Fall back to BTreeMap
It should be clear that we cannot treat hash maps as a solved problem just because we use SipHash. In fact, SipHash is entirely insufficient to solve the problem. My first suggestion is thus to stop trying to make the hasher secure, and instead fall back to BTreeMap when nonlinear behaviour is detected.
This guarantees a minimum level of performance regardless of the capabilities of the attacker, and allows usage of a faster hashing algorithm by default. Hash maps should get faster by default as a result. This does not prevent having to consider the issue, since the fallback is costly and must be rare, but this is an easier problem than entirely securing the hash map.
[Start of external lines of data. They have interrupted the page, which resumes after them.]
(* Let $\lambda\in\mathbb{R}$ and $f(x)=\lfloor \lambda x\rfloor$ for $x\in\mathbb{R}$. Let $\mathrm{Fix}(f)=\{x\in\mathbb{R}: f(x)=x\}$. Then: 1) If $\lambda\le 0$, then $\mathrm{Fix}(f)=\{0\}$. 2) If $\frac{m-1}{m}<\lambda\le\frac{m}{m+1}$ for some $m\in\mathbb{N}=\{1,2,\dots\}$, then $\mathrm{Fix}(f)=\{0,-1,-2,\dots,-m\}$. 3) If $\lambda=1$, then $\mathrm{Fix}(f)=\mathbb{Z}$. 4) If $\frac{m+1}{m}\le\lambda<\frac{m}{m-1}$ for some $m\in\mathbb{N}$ (for $m=1$ this condition is read as $2\le\lambda<+\infty$), then $\mathrm{Fix}(f)=\{0,1,2,\dots,m-1\}$.
   Context: $\lfloor x\rfloor=\max\{m\in\mathbb{Z}: m\le x\}$ denotes the floor function. Note that the intervals $\left(\frac{m-1}{m},\frac{m}{m+1}\right]$, $m\in\mathbb{N}$, partition $(0,1)$, and the intervals $\left[\frac{m+1}{m},\frac{m}{m-1}\right)$, $m\in\mathbb{N}$ (with the $m=1$ interval being $[2,+\infty)$), partition $(1,+\infty)$. *)

theory Defs
  imports Complex_Main
begin

definition Fix :: "(real \<Rightarrow> real) \<Rightarrow> real set" where
  "Fix f = {x. f x = x}"

end

theory Submission
  imports Defs
begin

text \<open>
  A fixed point x of \<lfloor>l x\<rfloor> is an integer with 0 \<le> (l - 1) x < 1. For l \<noteq> 1 this says that
  x = \<plusminus>k, with the sign of l - 1, for a natural number k with k \<bar>l - 1\<bar> < 1; in each
  of the intervals of the statement, \<bar>l - 1\<bar> lies between 1/(n + 1) and 1/n for the
  appropriate n, which singles out exactly k = 0, \<dots>, n.
\<close>

lemma mem_Fix_floor_scale_iff:
  "x \<in> Fix (\<lambda>x. real_of_int \<lfloor>l * x\<rfloor>) \<longleftrightarrow> x \<in> \<int> \<and> 0 \<le> (l - 1) * x \<and> (l - 1) * x < 1"
proof
  assume "x \<in> Fix (\<lambda>x. real_of_int \<lfloor>l * x\<rfloor>)"
  then have x: "x = of_int \<lfloor>l * x\<rfloor>"
    by (simp add: Fix_def)
  then have "x \<in> \<int>"
    by (metis Ints_of_int)
  moreover have "x \<le> l * x" "l * x < x + 1"
    using x floor_correct[of "l * x"] by linarith+
  ultimately show "x \<in> \<int> \<and> 0 \<le> (l - 1) * x \<and> (l - 1) * x < 1"
    by (simp add: algebra_simps)
next
  assume "x \<in> \<int> \<and> 0 \<le> (l - 1) * x \<and> (l - 1) * x < 1"
  then obtain n where "x = of_int n" "of_int n \<le> l * x" "l * x < of_int n + 1"
    by (auto elim: Ints_cases simp: algebra_simps)
  then show "x \<in> Fix (\<lambda>x. real_of_int \<lfloor>l * x\<rfloor>)"
    by (simp add: Fix_def floor_eq_iff)
qed

lemma Fix_floor_scale_less_one:
  assumes "l < 1"
  shows "Fix (\<lambda>x. real_of_int \<lfloor>l * x\<rfloor>) = {x. \<exists>k::nat. real k * (1 - l) < 1 \<and> x = - real k}"
proof (intro set_eqI iffI)
  fix x
  assume "x \<in> Fix (\<lambda>x. real_of_int \<lfloor>l * x\<rfloor>)"
  then have "x \<in> \<int>" "0 \<le> (l - 1) * x" "(l - 1) * x < 1"
    by (simp_all add: mem_Fix_floor_scale_iff)
  moreover from this(2) assms have "x \<le> 0"
    by (simp add: zero_le_mult_iff)
  ultimately obtain n where "x = of_int n" "n \<le> 0" "real_of_int n * (l - 1) < 1"
    by (auto elim: Ints_cases simp: mult.commute)
  then show "x \<in> {x. \<exists>k::nat. real k * (1 - l) < 1 \<and> x = - real k}"
    by (intro CollectI exI[of _ "nat (- n)"]) (simp add: algebra_simps)
next
  fix x
  assume "x \<in> {x. \<exists>k::nat. real k * (1 - l) < 1 \<and> x = - real k}"
  then obtain k :: nat where "real k * (1 - l) < 1" "x = - real k"
    by blast
  then show "x \<in> Fix (\<lambda>x. real_of_int \<lfloor>l * x\<rfloor>)"
    unfolding mem_Fix_floor_scale_iff
    using assms mult_right_mono[of l 1 "real k"] by (simp add: algebra_simps)
qed

lemma Fix_floor_scale_greater_one:
  assumes "1 < l"
  shows "Fix (\<lambda>x. real_of_int \<lfloor>l * x\<rfloor>) = {x. \<exists>k::nat. real k * (l - 1) < 1 \<and> x = real k}"
proof (intro set_eqI iffI)
  fix x
  assume "x \<in> Fix (\<lambda>x. real_of_int \<lfloor>l * x\<rfloor>)"
  then have "x \<in> \<int>" "0 \<le> (l - 1) * x" "(l - 1) * x < 1"
    by (simp_all add: mem_Fix_floor_scale_iff)
  moreover from this(2) assms have "0 \<le> x"
    by (simp add: zero_le_mult_iff)
  ultimately obtain n where "x = of_int n" "0 \<le> n" "real_of_int n * (l - 1) < 1"
    by (auto elim: Ints_cases simp: mult.commute)
  then show "x \<in> {x. \<exists>k::nat. real k * (l - 1) < 1 \<and> x = real k}"
    by (intro CollectI exI[of _ "nat n"]) simp
next
  fix x
  assume "x \<in> {x. \<exists>k::nat. real k * (l - 1) < 1 \<and> x = real k}"
  then obtain k :: nat where "real k * (l - 1) < 1" "x = real k"
    by blast
  then show "x \<in> Fix (\<lambda>x. real_of_int \<lfloor>l * x\<rfloor>)"
    unfolding mem_Fix_floor_scale_iff using assms by (simp add: mult.commute)
qed

lemma Fix_floor_scale_one: "Fix (\<lambda>x. real_of_int \<lfloor>1 * x\<rfloor>) = \<int>"
  unfolding set_eq_iff mem_Fix_floor_scale_iff by simp

lemma of_nat_mult_less_one_iff_le:
  fixes d :: real
  assumes "real n * d < 1" "1 \<le> (real n + 1) * d"
  shows "real k * d < 1 \<longleftrightarrow> k \<le> n"
proof
  have "0 < (real n + 1) * d"
    using assms(2) by linarith
  then have "0 < d"
    by (simp add: zero_less_mult_iff)
  show "k \<le> n" if "real k * d < 1"
  proof (rule ccontr)
    assume "\<not> k \<le> n"
    then have "(real n + 1) * d \<le> real k * d"
      using \<open>0 < d\<close> by (intro mult_right_mono) auto
    with that assms(2) show False
      by linarith
  qed
  show "real k * d < 1" if "k \<le> n"
  proof -
    have "real k * d \<le> real n * d"
      using that \<open>0 < d\<close> by (intro mult_right_mono) auto
    with assms(1) show ?thesis
      by linarith
  qed
qed

theorem lemma1:
  fixes l :: real
  defines "f \<equiv> (\<lambda>x::real. real_of_int \<lfloor>l * x\<rfloor>)"
  shows "(l \<le> 0 \<longrightarrow> Fix f = {0})
    \<and> (\<forall>m::nat. m \<ge> 1 \<longrightarrow> (real m - 1) / real m < l \<and> l \<le> real m / (real m + 1)
          \<longrightarrow> Fix f = {x. \<exists>k::nat. k \<le> m \<and> x = - real k})
    \<and> (l = 1 \<longrightarrow> Fix f = \<int>)
    \<and> (\<forall>m::nat. m \<ge> 1 \<longrightarrow> (real m + 1) / real m \<le> l
          \<and> (m = 1 \<or> l < real m / (real m - 1))
          \<longrightarrow> Fix f = {x. \<exists>k::nat. k \<le> m - 1 \<and> x = real k})"
proof (intro conjI allI impI)
  assume "l \<le> 0"
  then have "real k * (1 - l) < 1 \<longleftrightarrow> k \<le> 0" for k
    by (intro of_nat_mult_less_one_iff_le) auto
  with \<open>l \<le> 0\<close> show "Fix f = {0}"
    unfolding f_def by (auto simp: Fix_floor_scale_less_one)
next
  fix m :: nat
  assume "m \<ge> 1" and "(real m - 1) / real m < l \<and> l \<le> real m / (real m + 1)"
  then have "real m * (1 - l) < 1" "1 \<le> (real m + 1) * (1 - l)" "l < 1"
    by (auto simp: field_simps)
  then show "Fix f = {x. \<exists>k::nat. k \<le> m \<and> x = - real k}"
    unfolding f_def by (simp add: Fix_floor_scale_less_one of_nat_mult_less_one_iff_le[of m])
next
  assume "l = 1"
  then show "Fix f = \<int>"
    unfolding f_def using Fix_floor_scale_one by simp
next
  fix m :: nat
  assume "m \<ge> 1" and l: "(real m + 1) / real m \<le> l \<and> (m = 1 \<or> l < real m / (real m - 1))"
  then have lower: "1 \<le> (real (m - 1) + 1) * (l - 1)"
    by (simp add: field_simps of_nat_diff)
  then have "0 < (real (m - 1) + 1) * (l - 1)"
    by linarith
  then have "1 < l"
    by (simp add: zero_less_mult_iff)
  have upper: "real (m - 1) * (l - 1) < 1"
  proof (cases "m = 1")
    case False
    with \<open>m \<ge> 1\<close> l have "l * (real m - 1) < real m"
      by (simp add: less_divide_eq)
    with \<open>m \<ge> 1\<close> show ?thesis
      by (simp add: of_nat_diff algebra_simps)
  qed simp
  show "Fix f = {x. \<exists>k::nat. k \<le> m - 1 \<and> x = real k}"
    using \<open>1 < l\<close> lower upper unfolding f_def by (simp add: Fix_floor_scale_greater_one of_nat_mult_less_one_iff_le[of "m - 1"])
qed

end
Use a hash map without problematic blowup, or less affected by it
Java solves this problem by using a hash map with chaining and converting large buckets to tree maps. This mitigates the impact of degradation, but does not seem to allow using contiguous hash maps by default.
As far as I am aware, the blowup cannot be resolved by moving to another common form of open addressing, although quadratic probing would be significantly less affected by some of these attacks. Chaining alone also defeats the attacks given here, but still requires a secure hash and fails with attackers with more capabilities.
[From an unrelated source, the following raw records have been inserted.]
(* Let $X_1, X_2, \ldots$ be independent random variables, each uniformly distributed on $[-1,1]$, and fix $\varepsilon > 0$. For $t \ge 0$ and $z \in \mathbb{R}$, let $f_t(z) = 1$ if there exists $S \subseteq \{1,\dots,t\}$ with $\lvert z - \sum_{i \in S} X_i \rvert < \varepsilon$, and $f_t(z) = 0$ otherwise; let $v_t = \frac{1}{2}\int_{-1}^{1} f_t(z)\,\mathrm{d}z$, let $\tau_1 = \min\{t \ge 0 : v_t > 1/2\}$, and for $t \ge 0$ let $w_t = 1 - v_{\tau_1 + t}$. Then for all $t \ge 0$, $$\mathbb{E}\left[w_{t+1} \,\middle|\, X_1,\dots,X_{\tau_1+t}\right] \le w_t\left[1 - \tfrac{1}{4}(1 - w_t)\right].$$
   Context: $f_t$ is the indicator that $z$ can be approximated to within error strictly less than $\varepsilon$ by a subset sum of the first $t$ variables (the empty sum being $0$); $v_t$ is the fraction of $[-1,1]$ so approximated; $\tau_1$ is the first time this fraction exceeds $1/2$ (it is a stopping time, taken to be finite); $w_t$ is the fraction of $[-1,1]$ not approximated, $t$ steps after time $\tau_1$. *)

theory Defs
  imports "HOL-Probability.Probability"
begin

text \<open>The random variables are X 1, X 2, ... (the value X 0 is ignored).
  Subset sums range over finite S of indices i with 1 \<le> i and i \<le> k,
  where k is an extended natural (k = \<infinity> is only used on the null event
  where tau1 would be infinite).\<close>

definition fapp :: "(nat \<Rightarrow> 'a \<Rightarrow> real) \<Rightarrow> real \<Rightarrow> enat \<Rightarrow> 'a \<Rightarrow> real \<Rightarrow> real" where
  "fapp X \<epsilon> k \<omega> z =
     (if \<exists>S. finite S \<and> S \<subseteq> {i. 1 \<le> i \<and> enat i \<le> k} \<and> \<bar>z - (\<Sum>i\<in>S. X i \<omega>)\<bar> < \<epsilon>
      then 1 else 0)"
Use different seeds for each hash map
Pull requests #31356 (closed) and #33318 (merged) first proposed incrementing the thread local seed for each hash map. This was later removed when no threat model was seen, but would prevent both attacks listed here.
This still allows attacks when hash maps are reused.
Randomize iteration order
I am not sure how one would randomize iteration order efficiently. However, it should solve the problem unless hashes are exposed through other means.
Ignore the problem
Given that Rust went so far as to use SipHash, quadratic blowup on code as simple as fst.extend(snd) seems too extreme to ignore.